***** Data for this task *****

lemma sum_enn_pow_less:
  assumes "q > 0" "s > 0" "\<And>i. i \<in> F \<Longrightarrow> g i < ennreal ((s / (card F + 1)) powr (1 / q))"
  shows "(\<Sum>i\<in>F. enn_pow q (g i)) < ennreal s"
proof -
  have "(\<Sum>i\<in>F. enn_pow q (g i)) \<le> (\<Sum>i\<in>F. ennreal (s / (card F + 1)))"
  proof (rule sum_mono)
    fix i assume "i \<in> F"
    have "((s / (card F + 1)) powr (1 / q)) powr q = s / (card F + 1)"
      using assms(1,2) by (simp add: powr_powr)
    then show "enn_pow q (g i) \<le> ennreal (s / (card F + 1))"
      using enn_pow_less_ennreal_powr_iff[OF assms(1), of "(s / (card F + 1)) powr (1 / q)"]
        assms(3)[OF \<open>i \<in> F\<close>] by (simp add: less_imp_le)
  qed
  also have "\<dots> = ennreal (card F * (s / (card F + 1)))"
    by (simp add: ennreal_of_nat_eq_real_of_nat)
      (metis ennreal_mult' of_nat_0_le_iff times_divide_eq_right)
  also have "\<dots> < ennreal s"
  proof (intro ennreal_lessI assms(2))
    have "real (card F) < card F + 1" by simp
    then show "card F * (s / (card F + 1)) < s"
      using assms(2) by (simp add: divide_less_eq mult.commute)
  qed
  finally show ?thesis .
qed

lemma lpnorm_top_less_add_finite:
  assumes "finite F" "F \<subseteq> S" "lpnorm top f (S - F) < c"
    "\<And>i. i \<in> F \<Longrightarrow> g i < c" "\<And>i. i \<in> S - F \<Longrightarrow> g i = f i"
  shows "lpnorm top g S < c"
proof -
  have "0 < c"
    using assms(3) by (rule le_less_trans[OF zero_le])
  then have head: "(SUP i\<in>F. g i) < c"
    using assms(1,4) by (cases "F = {}") (auto simp: finite_Sup_less_iff bot_ennreal)
  have "(SUP i\<in>S - F. g i) = (SUP i\<in>S - F. f i)"
    using assms(5) by (rule SUP_cong[OF refl])
  then have tail: "(SUP i\<in>S - F. g i) < c"
    using assms(3) by (simp add: lpnorm_def)
  have "S = F \<union> (S - F)"
    using assms(2) by blast
  then have "(SUP i\<in>S. g i) = sup (SUP i\<in>F. g i) (SUP i\<in>S - F. g i)"
    by (metis SUP_union)
  with head tail show ?thesis
    by (simp add: lpnorm_def sup_max)
qed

*****

Print the line with "- F \<Longrightarrow>" and every line after it in the entries above, exactly as written. Leave out all other lines.

    "\<And>i. i \<in> F \<Longrightarrow> g i < c" "\<And>i. i \<in> S - F \<Longrightarrow> g i = f i"
  shows "lpnorm top g S < c"
proof -
  have "0 < c"
    using assms(3) by (rule le_less_trans[OF zero_le])
  then have head: "(SUP i\<in>F. g i) < c"
    using assms(1,4) by (cases "F = {}") (auto simp: finite_Sup_less_iff bot_ennreal)
  have "(SUP i\<in>S - F. g i) = (SUP i\<in>S - F. f i)"
    using assms(5) by (rule SUP_cong[OF refl])
  then have tail: "(SUP i\<in>S - F. g i) < c"
    using assms(3) by (simp add: lpnorm_def)
  have "S = F \<union> (S - F)"
    using assms(2) by blast
  then have "(SUP i\<in>S. g i) = sup (SUP i\<in>F. g i) (SUP i\<in>S - F. g i)"
    by (metis SUP_union)
  with head tail show ?thesis
    by (simp add: lpnorm_def sup_max)
qed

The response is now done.